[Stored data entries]
* * * * *

(* Let $d \geq 3$ and $1 \leq r < \frac d2$ be integers and let $f_{d,r}(x) = f_{d,r}(x;q) := \sum_{\lambda} x^{\ell(\lambda)} q^{|\lambda|}$, where the sum runs over all partitions $\lambda$ (including the empty partition) such that every part is congruent to $0, \pm r \pmod d$, consecutive parts satisfy $\lambda_i - \lambda_{i+1} \geq d$, and $\lambda_i - \lambda_{i+1} > d$ whenever $d \mid \lambda_i$; here $\ell(\lambda)$ is the number of parts and $|\lambda|$ the sum of the parts. Then, as formal power series in $x$ and $q$, \[ f_{d,r}(x) = \left(1 + xq^r + xq^{d-r}\right) f_{d,r}\left(xq^d\right) + xq^d\left(1 - xq^d\right) f_{d,r}\left(xq^{2d}\right). \] *)

theory Defs
  imports "HOL-Computational_Algebra.Formal_Power_Series"
begin

text \<open>A partition is a list of positive parts in (weakly) decreasing order; here the
difference conditions force strict decrease. ps ! 0 is the largest part.\<close>
definition dr_partition :: "nat \<Rightarrow> nat \<Rightarrow> nat list \<Rightarrow> bool" where
  "dr_partition d r ps \<longleftrightarrow>
     (\<forall>p\<in>set ps. 0 < p \<and> (p mod d = 0 \<or> p mod d = r \<or> p mod d = d - r)) \<and>
     (\<forall>i. Suc i < length ps \<longrightarrow>
        ps ! Suc i + d \<le> ps ! i \<and> (d dvd ps ! i \<longrightarrow> ps ! Suc i + d < ps ! i))"

definition dr_count :: "nat \<Rightarrow> nat \<Rightarrow> nat \<Rightarrow> nat \<Rightarrow> nat" where
  "dr_count d r n m = card {ps. dr_partition d r ps \<and> length ps = n \<and> sum_list ps = m}"

text \<open>f_{d,r}(x;q) as a power series in x whose coefficients are power series in q.\<close>
definition f_dr :: "nat \<Rightarrow> nat \<Rightarrow> int fps fps" where
  "f_dr d r = Abs_fps (\<lambda>n. Abs_fps (\<lambda>m. int (dr_count d r n m)))"

text \<open>Substitution x \<mapsto> x q^c.\<close>
definition x_scale :: "nat \<Rightarrow> int fps fps \<Rightarrow> int fps fps" where
  "x_scale c F = Abs_fps (\<lambda>n. fps_X ^ (c * n) * fps_nth F n)"

abbreviation qvar :: "int fps fps" where
  "qvar \<equiv> fps_const fps_X"

end

theory Submission
  imports Defs
begin

text \<open>
  Classify the admissible partitions by their smallest part s, the last entry of the list.
  If all parts exceed d, subtracting d from every part is a bijection onto all admissible
  partitions; this accounts for f(x q^d). Otherwise s is one of r, d - r, d, and removing it
  leaves exactly the partitions whose parts all exceed d (for s = r), all exceed 2d (for s = d),
  or all exceed d with smallest part other than d + r (for s = d - r). Subtracting d once more
  identifies the excluded partitions, with all parts above d and smallest part d + r, with the
  case s = r. Hence
    f(x) = f(x q^d) + x q^r f(x q^d) + x q^(d-r) (f(x q^d) - x q^(d+r) f(x q^(2d))) + x q^d f(x q^(2d)).
\<close>

unbundle fps_syntax

definition partition_gf :: "nat list set \<Rightarrow> int fps fps" where
  "partition_gf A =
     Abs_fps (\<lambda>n. Abs_fps (\<lambda>m. int (card {ps \<in> A. length ps = n \<and> sum_list ps = m})))"

lemma partition_gf_nth [simp]:
  "partition_gf A $ n $ m = int (card {ps \<in> A. length ps = n \<and> sum_list ps = m})"
  by (simp add: partition_gf_def)

lemma finite_length_sum_list_eq:
  "finite {ps :: nat list. length ps = n \<and> sum_list ps = m}"
proof (rule finite_subset)
  show "{ps :: nat list. length ps = n \<and> sum_list ps = m} \<subseteq>
        {ps. set ps \<subseteq> {0..m} \<and> length ps = n}"
    by (auto simp: member_le_sum_list)
qed (rule finite_lists_length_eq, simp)

lemma f_dr_eq_partition_gf: "f_dr d r = partition_gf {ps. dr_partition d r ps}"
  by (simp add: f_dr_def dr_count_def partition_gf_def)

* * * * *

• _Task description_
All entries must come back exactly as they were written.

• _Response area_
(* Let $d \geq 3$ and $1 \leq r < \frac d2$ be integers and let $f_{d,r}(x) = f_{d,r}(x;q) := \sum_{\lambda} x^{\ell(\lambda)} q^{|\lambda|}$, where the sum runs over all partitions $\lambda$ (including the empty partition) such that every part is congruent to $0, \pm r \pmod d$, consecutive parts satisfy $\lambda_i - \lambda_{i+1} \geq d$, and $\lambda_i - \lambda_{i+1} > d$ whenever $d \mid \lambda_i$; here $\ell(\lambda)$ is the number of parts and $|\lambda|$ the sum of the parts. Then, as formal power series in $x$ and $q$, \[ f_{d,r}(x) = \left(1 + xq^r + xq^{d-r}\right) f_{d,r}\left(xq^d\right) + xq^d\left(1 - xq^d\right) f_{d,r}\left(xq^{2d}\right). \] *)

theory Defs
  imports "HOL-Computational_Algebra.Formal_Power_Series"
begin

text \<open>A partition is a list of positive parts in (weakly) decreasing order; here the
difference conditions force strict decrease. ps ! 0 is the largest part.\<close>
definition dr_partition :: "nat \<Rightarrow> nat \<Rightarrow> nat list \<Rightarrow> bool" where
  "dr_partition d r ps \<longleftrightarrow>
     (\<forall>p\<in>set ps. 0 < p \<and> (p mod d = 0 \<or> p mod d = r \<or> p mod d = d - r)) \<and>
     (\<forall>i. Suc i < length ps \<longrightarrow>
        ps ! Suc i + d \<le> ps ! i \<and> (d dvd ps ! i \<longrightarrow> ps ! Suc i + d < ps ! i))"

definition dr_count :: "nat \<Rightarrow> nat \<Rightarrow> nat \<Rightarrow> nat \<Rightarrow> nat" where
  "dr_count d r n m = card {ps. dr_partition d r ps \<and> length ps = n \<and> sum_list ps = m}"

text \<open>f_{d,r}(x;q) as a power series in x whose coefficients are power series in q.\<close>
definition f_dr :: "nat \<Rightarrow> nat \<Rightarrow> int fps fps" where
  "f_dr d r = Abs_fps (\<lambda>n. Abs_fps (\<lambda>m. int (dr_count d r n m)))"

text \<open>Substitution x \<mapsto> x q^c.\<close>
definition x_scale :: "nat \<Rightarrow> int fps fps \<Rightarrow> int fps fps" where
  "x_scale c F = Abs_fps (\<lambda>n. fps_X ^ (c * n) * fps_nth F n)"

abbreviation qvar :: "int fps fps" where
  "qvar \<equiv> fps_const fps_X"

end

theory Submission
  imports Defs
begin

text \<open>
  Classify the admissible partitions by their smallest part s, the last entry of the list.
  If all parts exceed d, subtracting d from every part is a bijection onto all admissible
  partitions; this accounts for f(x q^d). Otherwise s is one of r, d - r, d, and removing it
  leaves exactly the partitions whose parts all exceed d (for s = r), all exceed 2d (for s = d),
  or all exceed d with smallest part other than d + r (for s = d - r). Subtracting d once more
  identifies the excluded partitions, with all parts above d and smallest part d + r, with the
  case s = r. Hence
    f(x) = f(x q^d) + x q^r f(x q^d) + x q^(d-r) (f(x q^d) - x q^(d+r) f(x q^(2d))) + x q^d f(x q^(2d)).
\<close>

unbundle fps_syntax

definition partition_gf :: "nat list set \<Rightarrow> int fps fps" where
  "partition_gf A =
     Abs_fps (\<lambda>n. Abs_fps (\<lambda>m. int (card {ps \<in> A. length ps = n \<and> sum_list ps = m})))"

lemma partition_gf_nth [simp]:
  "partition_gf A $ n $ m = int (card {ps \<in> A. length ps = n \<and> sum_list ps = m})"
  by (simp add: partition_gf_def)

lemma finite_length_sum_list_eq:
  "finite {ps :: nat list. length ps = n \<and> sum_list ps = m}"
proof (rule finite_subset)
  show "{ps :: nat list. length ps = n \<and> sum_list ps = m} \<subseteq>
        {ps. set ps \<subseteq> {0..m} \<and> length ps = n}"
    by (auto simp: member_le_sum_list)
qed (rule finite_lists_length_eq, simp)

lemma f_dr_eq_partition_gf: "f_dr d r = partition_gf {ps. dr_partition d r ps}"
  by (simp add: f_dr_def dr_count_def partition_gf_def)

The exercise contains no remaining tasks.